19th Minister of Energy and Mineral Resources
- Incumbent
- Assumed office 19 August 2024
- President: Joko Widodo Prabowo Subianto
- Deputy: Yuliot Tanjung
- Preceded by: Arifin Tasrif

6th Minister of Investment
- In office 28 April 2021 – 19 August 2024
- President: Joko Widodo
- Preceded by: M. Rozy Munir
- Succeeded by: Rosan Roeslani

Chair of Investment Coordinating Board
- In office 23 October 2019 – 19 August 2024
- President: Joko Widodo
- Preceded by: Thomas Trikasih Lembong
- Succeeded by: Rosan Roeslani

12th General Chairman of Golkar
- Incumbent
- Assumed office 21 August 2024
- Preceded by: Airlangga Hartarto Agus Gumiwang Kartasasmita (acting)

Personal details
- Born: 7 August 1976 (age 49) Banda, Central Maluku, Indonesia
- Party: Golkar
- Spouse: Sri Suparni
- Education: STIE Port Numbay (S.E.) Cenderawasih University (M.Si.) University of Indonesia (Dr)
- Occupation: Politician; Businessman;

= Bahlil Lahadalia =

Indonesian businessman and politician

Bahlil Lahadalia (born 7 August 1976) is an Indonesian businessman and politician serving since August 2024 as Indonesia's Minister of Energy and Mineral Resources. Previously, he served as the Minister of Investment from April 2021 to August 2024, concurrently as head of the Indonesian Investment Coordinating Board (BKPM), which he had served since October 2019. He has also been the Leader of the Golkar party since 21 August 2024, replacing Airlangga Hartanto.

== Early life and education ==
Lahadalia was born in Maluku, where he also received most of his elementary to junior high school education, before moving to Fakfak (where his father is from) for high school.

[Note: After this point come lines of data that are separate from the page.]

(* Let $X>0$, $n\ge1$, let $A_0,A_1$ be $X$-periodic $\mathbb{C}^{n\times n}$-valued functions in $L^2_{\rm per}([0,X])$, let $L=\partial_x^2+\partial_xA_1+A_0$ act on $L^2_{\rm per}([0,X];\mathbb{C}^n)$, and for $J\in\mathbb{N}$ let $P_J$ be the orthogonal projection onto $\mathcal{H}_J=\operatorname{span}\{e^{2\pi ikx/X}v:\ |k|\le J,\ v\in\mathbb{C}^n\}$. Let $L_J=P_JLP_J|_{\mathcal{H}_J}$ (the Hill truncation $\mathcal{D}_J^2+\mathcal{D}_J\mathcal{A}_{1,J}+\mathcal{A}_{0,J}$) and $K_J(\lambda)=P_JK(\lambda)P_J|_{\mathcal{H}_J}$, where $K(\lambda)=\partial_x(\partial_x^2-1)^{-1}A_1+(\partial_x^2-1)^{-1}(A_0+(1-\lambda)I)$. Define $D_J(\lambda)={\det}_2(I+K_J(\lambda))$ on $\mathcal{H}_J$. Then the zeros of $D_J$ coincide with the eigenvalues of the matrix $L_J$, and the order of each zero equals the algebraic multiplicity of the eigenvalue.
   Context: In Fourier coordinates, $\mathcal{D}_J$ is the diagonal matrix of the multipliers $2\pi ik/X$, $|k|\le J$, and $\mathcal{A}_{m,J}$ is the block Toeplitz matrix $(\hat A_m(j-k))_{|j|,|k|\le J}$. On a finite-dimensional space ${\det}_2(I-A)=\det(I-A)e^{\operatorname{tr}A}$, and ${\det}_2(I+K)$ means ${\det}_2(I-(-K))$. *)

theory Defs
  imports "HOL-Complex_Analysis.Complex_Analysis" "Jordan_Normal_Form.Char_Poly"
begin

definition fourier_coeff :: "real \<Rightarrow> (real \<Rightarrow> complex) \<Rightarrow> int \<Rightarrow> complex" where
  "fourier_coeff X f k =
     complex_of_real (1 / X) *
       (LINT x:{0..X}|lebesgue. cis (- 2 * pi * real_of_int k * x / X) * f x)"

text \<open>Fourier coordinates on H_J: index i < n(2J+1) corresponds to the basis vector
  e^{2 pi i k x / X} e_a with k = i div n - J, a = i mod n.\<close>
definition hdim :: "nat \<Rightarrow> nat \<Rightarrow> nat" where
  "hdim n J = n * (2 * J + 1)"

definition freq :: "nat \<Rightarrow> nat \<Rightarrow> nat \<Rightarrow> int" where
  "freq n J i = int (i div n) - int J"

definition comp :: "nat \<Rightarrow> nat \<Rightarrow> nat" where
  "comp n i = i mod n"

definition mult_dx :: "real \<Rightarrow> int \<Rightarrow> complex" where
  "mult_dx X k = 2 * pi * \<i> * of_int k / of_real X"

definition DJ :: "real \<Rightarrow> nat \<Rightarrow> nat \<Rightarrow> complex mat" where
  "DJ X n J = mat (hdim n J) (hdim n J)
     (\<lambda>(i, j). if i = j then mult_dx X (freq n J i) else 0)"

text \<open>Fourier multiplier of (d^2/dx^2 - 1)^{-1}, truncated to H_J.\<close>
definition RJ :: "real \<Rightarrow> nat \<Rightarrow> nat \<Rightarrow> complex mat" where
  "RJ X n J = mat (hdim n J) (hdim n J)
     (\<lambda>(i, j). if i = j then 1 / ((mult_dx X (freq n J i))\<^sup>2 - 1) else 0)"

definition toeplitzJ :: "real \<Rightarrow> nat \<Rightarrow> nat \<Rightarrow> (real \<Rightarrow> nat \<Rightarrow> nat \<Rightarrow> complex) \<Rightarrow> complex mat" where
  "toeplitzJ X n J A = mat (hdim n J) (hdim n J)
     (\<lambda>(i, j). fourier_coeff X (\<lambda>x. A x (comp n i) (comp n j)) (freq n J i - freq n J j))"

definition LJ :: "real \<Rightarrow> nat \<Rightarrow> nat \<Rightarrow> (real \<Rightarrow> nat \<Rightarrow> nat \<Rightarrow> complex)
                   \<Rightarrow> (real \<Rightarrow> nat \<Rightarrow> nat \<Rightarrow> complex) \<Rightarrow> complex mat" where
  "LJ X n J A0 A1 = DJ X n J * DJ X n J + DJ X n J * toeplitzJ X n J A1 + toeplitzJ X n J A0"

definition KJ :: "real \<Rightarrow> nat \<Rightarrow> nat \<Rightarrow> (real \<Rightarrow> nat \<Rightarrow> nat \<Rightarrow> complex)
                   \<Rightarrow> (real \<Rightarrow> nat \<Rightarrow> nat \<Rightarrow> complex) \<Rightarrow> complex \<Rightarrow> complex mat" where
  "KJ X n J A0 A1 z =
     DJ X n J * RJ X n J * toeplitzJ X n J A1
     + RJ X n J * (toeplitzJ X n J A0 + (1 - z) \<cdot>\<^sub>m 1\<^sub>m (hdim n J))"

definition mat_trace :: "complex mat \<Rightarrow> complex" where
  "mat_trace A = (\<Sum>i<dim_row A. A $$ (i, i))"

definition det2_I_minus :: "complex mat \<Rightarrow> complex" where
  "det2_I_minus A = Determinant.det (1\<^sub>m (dim_row A) - A) * exp (mat_trace A)"

definition DJfun :: "real \<Rightarrow> nat \<Rightarrow> nat \<Rightarrow> (real \<Rightarrow> nat \<Rightarrow> nat \<Rightarrow> complex)
                   \<Rightarrow> (real \<Rightarrow> nat \<Rightarrow> nat \<Rightarrow> complex) \<Rightarrow> complex \<Rightarrow> complex" where
  "DJfun X n J A0 A1 z = det2_I_minus (- KJ X n J A0 A1 z)"

definition L2_per_mat :: "real \<Rightarrow> nat \<Rightarrow> (real \<Rightarrow> nat \<Rightarrow> nat \<Rightarrow> complex) \<Rightarrow> bool" where
  "L2_per_mat X n A \<longleftrightarrow>
     (\<forall>x. A (x + X) = A x) \<and>
     (\<forall>a<n. \<forall>b<n. set_borel_measurable lebesgue {0..X} (\<lambda>x. A x a b) \<and>
                  set_integrable lebesgue {0..X} (\<lambda>x. (cmod (A x a b))\<^sup>2))"

end

theory Submission
  imports Defs
begin

text \<open>The resolvent multiplier \<open>R\<^sub>J\<close> of \<open>(\<partial>\<^sub>x\<^sup>2 - 1)\<^sup>-\<^sup>1\<close> is diagonal, invertible and commutes with
  \<open>\<D>\<^sub>J\<close>, and \<open>R\<^sub>J \<D>\<^sub>J\<^sup>2 = I + R\<^sub>J\<close>. Hence \<open>I + K\<^sub>J(\<lambda>) = R\<^sub>J (L\<^sub>J - \<lambda>I)\<close>, and since \<open>tr K\<^sub>J(\<lambda>)\<close> is affine
  in \<open>\<lambda>\<close>, \<open>D\<^sub>J(\<lambda>)\<close> is the characteristic polynomial of \<open>L\<^sub>J\<close> times an entire function without
  zeros. Zeros and their orders are therefore those of the characteristic polynomial.\<close>

definition diag_matrix :: "nat \<Rightarrow> (nat \<Rightarrow> 'a::zero) \<Rightarrow> 'a mat" where
  "diag_matrix N a = mat N N (\<lambda>(i, j). if i = j then a i else 0)"

lemma diag_matrix_carrier [simp]: "diag_matrix N a \<in> carrier_mat N N"
  by (simp add: diag_matrix_def)

lemma diag_matrix_mult:
  "diag_matrix N a * diag_matrix N b = diag_matrix N (\<lambda>i. a i * b i :: 'a::semiring_0)"
proof (rule eq_matI)
  fix i j assume "i < dim_row (diag_matrix N (\<lambda>i. a i * b i))"
    "j < dim_col (diag_matrix N (\<lambda>i. a i * b i))"
  hence i: "i < N" and j: "j < N" by (auto simp: diag_matrix_def)
  have "(diag_matrix N a * diag_matrix N b) $$ (i, j)
      = (\<Sum>k<N. (if i = k then a i else 0) * (if k = j then b k else 0))"
    using i j by (simp add: diag_matrix_def scalar_prod_def lessThan_atLeast0)
  also have "\<dots> = (\<Sum>k<N. if k = i then (if i = j then a i * b i else 0) else 0)"
    by (rule sum.cong) auto
  also have "\<dots> = diag_matrix N (\<lambda>i. a i * b i) $$ (i, j)"
    using i j by (simp add: diag_matrix_def)
  finally show "(diag_matrix N a * diag_matrix N b) $$ (i, j) = diag_matrix N (\<lambda>i. a i * b i) $$ (i, j)" .
qed (auto simp: diag_matrix_def)

lemma diag_matrix_mult_commute:
  "diag_matrix N a * diag_matrix N b = diag_matrix N b * (diag_matrix N a :: 'a::comm_semiring_0 mat)"
  by (simp add: diag_matrix_mult mult.commute)

lemma det_diag_matrix: "det (diag_matrix N a) = (\<Prod>i<N. a i :: 'a::comm_ring_1)"
  by (subst det_upper_triangular[of _ N])
     (auto simp: diag_matrix_def upper_triangular_def prod_list_diag_prod lessThan_atLeast0)

lemma mat_trace_add:
  "A \<in> carrier_mat N N \<Longrightarrow> B \<in> carrier_mat N N \<Longrightarrow> mat_trace (A + B) = mat_trace A + mat_trace B"
  by (simp add: mat_trace_def sum.distrib)

lemma mat_trace_smult:
  "A \<in> carrier_mat N N \<Longrightarrow> mat_trace (c \<cdot>\<^sub>m A) = c * mat_trace A"
  by (simp add: mat_trace_def sum_distrib_left)

lemma det2_I_minus_uminus:
  "A \<in> carrier_mat N N \<Longrightarrow> det2_I_minus (- A) = det (1\<^sub>m N + A) * exp (- mat_trace A)"
proof -
  assume A: "A \<in> carrier_mat N N"
  have "1\<^sub>m N - (- A) = 1\<^sub>m N + A" using A by (intro eq_matI) auto
  moreover have "mat_trace (- A) = - mat_trace A"
    using A by (simp add: mat_trace_def sum_negf)
  ultimately show ?thesis using A by (simp add: det2_I_minus_def)
qed

lemma det_char_matrix:
  assumes A: "A \<in> carrier_mat N N"
  shows "det (char_matrix A z) = (-1) ^ N * poly (char_poly A) z"
proof -
  have C: "char_matrix A z \<in> carrier_mat N N" using A by simp
  have "- char_matrix A z = (-1) \<cdot>\<^sub>m char_matrix A z"
    using C by (intro eq_matI) auto
  hence "poly (char_poly A) z = (-1) ^ N * det (char_matrix A z)"
    using C by (simp add: char_poly_matrix[OF A])
  thus ?thesis by (simp flip: power_mult_distrib)
qed

lemma one_plus_resolvent_eq_mult_char_matrix:
  fixes D R T0 T1 :: "'a::field mat"
  assumes D: "D \<in> carrier_mat N N" and R: "R \<in> carrier_mat N N"
    and T0: "T0 \<in> carrier_mat N N" and T1: "T1 \<in> carrier_mat N N"
    and commute: "D * R = R * D" and resolvent: "R * (D * D) = 1\<^sub>m N + R"
  shows "1\<^sub>m N + (D * R * T1 + R * (T0 + (1 - z) \<cdot>\<^sub>m 1\<^sub>m N))
       = R * char_matrix (D * D + D * T1 + T0) z"
proof -
  have "R * char_matrix (D * D + D * T1 + T0) z
      = R * (D * D) + R * (D * T1) + R * T0 + (- z) \<cdot>\<^sub>m R"
    using D R T0 T1
    by (simp add: char_matrix_def mult_add_distrib_mat[of _ N N _ N] mult_smult_distrib[of _ N N _ N])
  also have "R * (D * T1) = D * R * T1"
    using D R T1 by (simp add: commute assoc_mult_mat[of _ N N _ N _ N])
  also have "R * (T0 + (1 - z) \<cdot>\<^sub>m 1\<^sub>m N) = R * T0 + (1 - z) \<cdot>\<^sub>m R"
    using R T0 by (simp add: mult_add_distrib_mat[of _ N N _ N] mult_smult_distrib[of _ N N _ N])
  moreover have "D * R * T1 \<in> carrier_mat N N" "R * T0 \<in> carrier_mat N N"
    using D R T0 T1 by auto
  ultimately show ?thesis
    unfolding resolvent using R
    by (intro eq_matI) (auto simp del: index_mult_mat simp: algebra_simps)
qed

lemma zorder_poly_mult_nonvanishing:
  fixes p :: "complex poly"
  assumes "p \<noteq> 0" and "g holomorphic_on UNIV" and "g z \<noteq> 0"
  shows "zorder (\<lambda>w. poly p w * g w) z = int (order z p)"
proof -
  obtain q where q: "p = [:- z, 1:] ^ order z p * q" and "\<not> [:- z, 1:] dvd q"
    using order_decomp[OF \<open>p \<noteq> 0\<close>] by blast
  hence "poly q z \<noteq> 0" by (simp add: poly_eq_0_iff_dvd)
  show ?thesis
  proof (rule zorder_eqI[where S = UNIV and g = "\<lambda>w. poly q w * g w"])
    show "(\<lambda>w. poly q w * g w) holomorphic_on UNIV"
      using assms(2) by (intro holomorphic_intros)
    show "poly p w * g w = poly q w * g w * (w - z) powi int (order z p)" for w
      by (subst q) (simp add: poly_power algebra_simps)
  qed (use assms(3) \<open>poly q z \<noteq> 0\<close> in auto)
qed

lemma mult_dx_square_neq_one: "(mult_dx X k)\<^sup>2 \<noteq> 1"
proof
  assume "(mult_dx X k)\<^sup>2 = 1"
  moreover have "(mult_dx X k)\<^sup>2 = complex_of_real (- (2 * pi * of_int k / X)\<^sup>2)"
    by (simp add: mult_dx_def power2_eq_square field_simps)
  ultimately have "- (2 * pi * of_int k / X)\<^sup>2 = (1::real)"
    by (metis of_real_eq_1_iff)
  thus False by (smt (verit) zero_le_power2)
qed

lemma DJ_eq_diag_matrix: "DJ X n J = diag_matrix (hdim n J) (\<lambda>i. mult_dx X (freq n J i))"
  by (simp add: DJ_def diag_matrix_def)

lemma RJ_eq_diag_matrix:
  "RJ X n J = diag_matrix (hdim n J) (\<lambda>i. 1 / ((mult_dx X (freq n J i))\<^sup>2 - 1))"
  by (simp add: RJ_def diag_matrix_def)

lemma RJ_DJ_square: "RJ X n J * (DJ X n J * DJ X n J) = 1\<^sub>m (hdim n J) + RJ X n J"
proof -
  have "1 / (d\<^sup>2 - 1) * (d * d) = 1 + 1 / (d\<^sup>2 - 1)" if "d\<^sup>2 \<noteq> 1" for d :: complex
    using that by (simp add: power2_eq_square field_simps)
  hence "RJ X n J * (DJ X n J * DJ X n J)
      = diag_matrix (hdim n J) (\<lambda>i. 1 + 1 / ((mult_dx X (freq n J i))\<^sup>2 - 1))"
    unfolding RJ_eq_diag_matrix DJ_eq_diag_matrix diag_matrix_mult
    by (simp add: mult_dx_square_neq_one)
  also have "\<dots> = 1\<^sub>m (hdim n J) + RJ X n J"
    by (rule eq_matI) (auto simp: RJ_eq_diag_matrix diag_matrix_def)
  finally show ?thesis .
qed

lemma det_RJ_neq_zero: "det (RJ X n J) \<noteq> 0"
  by (simp add: RJ_eq_diag_matrix det_diag_matrix mult_dx_square_neq_one)

lemma DJ_carrier [simp]: "DJ X n J \<in> carrier_mat (hdim n J) (hdim n J)"
  by (simp add: DJ_eq_diag_matrix)

lemma RJ_carrier [simp]: "RJ X n J \<in> carrier_mat (hdim n J) (hdim n J)"
  by (simp add: RJ_eq_diag_matrix)

lemma toeplitzJ_carrier [simp]: "toeplitzJ X n J A \<in> carrier_mat (hdim n J) (hdim n J)"
  by (simp add: toeplitzJ_def)

lemma KJ_carrier: "KJ X n J A0 A1 z \<in> carrier_mat (hdim n J) (hdim n J)"
  unfolding KJ_def by (intro add_carrier_mat mult_carrier_mat smult_carrier_mat) auto

lemma LJ_carrier: "LJ X n J A0 A1 \<in> carrier_mat (hdim n J) (hdim n J)"
  unfolding LJ_def by (intro add_carrier_mat mult_carrier_mat) auto

lemma one_plus_KJ_eq:
  "1\<^sub>m (hdim n J) + KJ X n J A0 A1 z = RJ X n J * char_matrix (LJ X n J A0 A1) z"
  unfolding KJ_def LJ_def
  by (rule one_plus_resolvent_eq_mult_char_matrix[OF DJ_carrier RJ_carrier toeplitzJ_carrier
        toeplitzJ_carrier _ RJ_DJ_square])
     (simp add: DJ_eq_diag_matrix RJ_eq_diag_matrix diag_matrix_mult_commute)

lemma mat_trace_KJ:
  "mat_trace (KJ X n J A0 A1 z)
     = mat_trace (DJ X n J * RJ X n J * toeplitzJ X n J A1) + mat_trace (RJ X n J * toeplitzJ X n J A0)
       + (1 - z) * mat_trace (RJ X n J)"
proof -
  let ?N = "hdim n J"
  have "KJ X n J A0 A1 z
      = DJ X n J * RJ X n J * toeplitzJ X n J A1 + (RJ X n J * toeplitzJ X n J A0
        + (1 - z) \<cdot>\<^sub>m RJ X n J)"
    by (simp add: KJ_def mult_add_distrib_mat[of _ ?N ?N _ ?N] mult_smult_distrib[of _ ?N ?N _ ?N]
        right_mult_one_mat[OF RJ_carrier])
  moreover have "DJ X n J * RJ X n J * toeplitzJ X n J A1 \<in> carrier_mat ?N ?N"
    "RJ X n J * toeplitzJ X n J A0 \<in> carrier_mat ?N ?N"
    by (meson DJ_carrier RJ_carrier toeplitzJ_carrier mult_carrier_mat)+
  ultimately show ?thesis by (simp add: mat_trace_add[of _ ?N] mat_trace_smult[of _ ?N])
qed

lemma DJfun_eq_char_poly_mult:
  "DJfun X n J A0 A1 z = poly (char_poly (LJ X n J A0 A1)) z
     * ((-1) ^ hdim n J * det (RJ X n J) * exp (- mat_trace (KJ X n J A0 A1 z)))"
  unfolding DJfun_def det2_I_minus_uminus[OF KJ_carrier] one_plus_KJ_eq
  by (simp add: det_mult[of _ "hdim n J"] det_char_matrix[OF LJ_carrier] LJ_carrier)

theorem lemma3p7:
  fixes X :: real and n J :: nat and A0 A1 :: "real \<Rightarrow> nat \<Rightarrow> nat \<Rightarrow> complex"
  assumes "X > 0" and "n \<ge> 1"
    and "L2_per_mat X n A0" and "L2_per_mat X n A1"
  shows "\<forall>z::complex.
           (DJfun X n J A0 A1 z = 0 \<longleftrightarrow> eigenvalue (LJ X n J A0 A1) z) \<and>
           (eigenvalue (LJ X n J A0 A1) z \<longrightarrow>
              zorder (DJfun X n J A0 A1) z = int (order z (char_poly (LJ X n J A0 A1))))"
proof (intro allI conjI impI)
  fix z
  let ?L = "LJ X n J A0 A1"
  define E where "E w = (-1) ^ hdim n J * det (RJ X n J) * exp (- mat_trace (KJ X n J A0 A1 w))"
    for w
  have DJfun_factor: "DJfun X n J A0 A1 = (\<lambda>w. poly (char_poly ?L) w * E w)"
    by (simp add: fun_eq_iff E_def DJfun_eq_char_poly_mult)
  have E_nonzero: "E w \<noteq> 0" for w
    by (simp add: E_def det_RJ_neq_zero)
  have "char_poly ?L \<noteq> 0"
    using degree_monic_char_poly[OF LJ_carrier[of X n J A0 A1]] by auto
  moreover have "E holomorphic_on UNIV"
    unfolding E_def mat_trace_KJ by (intro holomorphic_intros)
  ultimately show "zorder (DJfun X n J A0 A1) z = int (order z (char_poly ?L))"
    unfolding DJfun_factor using E_nonzero by (rule zorder_poly_mult_nonvanishing)
  show "DJfun X n J A0 A1 z = 0 \<longleftrightarrow> eigenvalue ?L z"
    by (simp add: DJfun_factor E_nonzero eigenvalue_root_char_poly[OF LJ_carrier])
qed

end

He studied economics in Jayapura at Port Numbay Jayapura College of Economics, a local private college. He graduated late at the age of 26 years old, as revealed at a guest lecture at the University of Brawijaya, due to an interruption in his education due to his involvement in the May 1998 riots.

During his time as a student, he was active in the Muslim Students' Association in Papua, and eventually reached the position of General Treasurer of the National Leadership at the association.

Lahadalia attended his doctoral studies at Universitas Indonesia's Sekolah Kajian Stratejik dan Global (School of Global and Strategics Studies) until October 2024, graduating in just twenty months, the fastest doctorate ever granted by the school. This garnered national controversy and prompted an ethics enquiry from the university's council of professors and deans.

==Personal life==
Lahadalia is married to Sri Suparni. They have three sons, Muhammad Rizky Lahadalia, Muhammad Fadli, and Emir Ramadhan (born 2011).

== Business career ==
His first job was a cake seller during his pre-teen years. He later became a bus conductor as a teenager, and eventually a public transportation driver while in senior high school. Years later, after he had graduated from Port Numbay, he was hired as a worker of Sucofindo, a state-run company. He later founded the companies PT Rifa Capital, PT Bersama Papua Unggul, and PT Dwijati Sukses with his friends.

He currently owns the PT Rifa Capital Holding Company and 10 other companies, and is mostly active in the transportation and property sectors.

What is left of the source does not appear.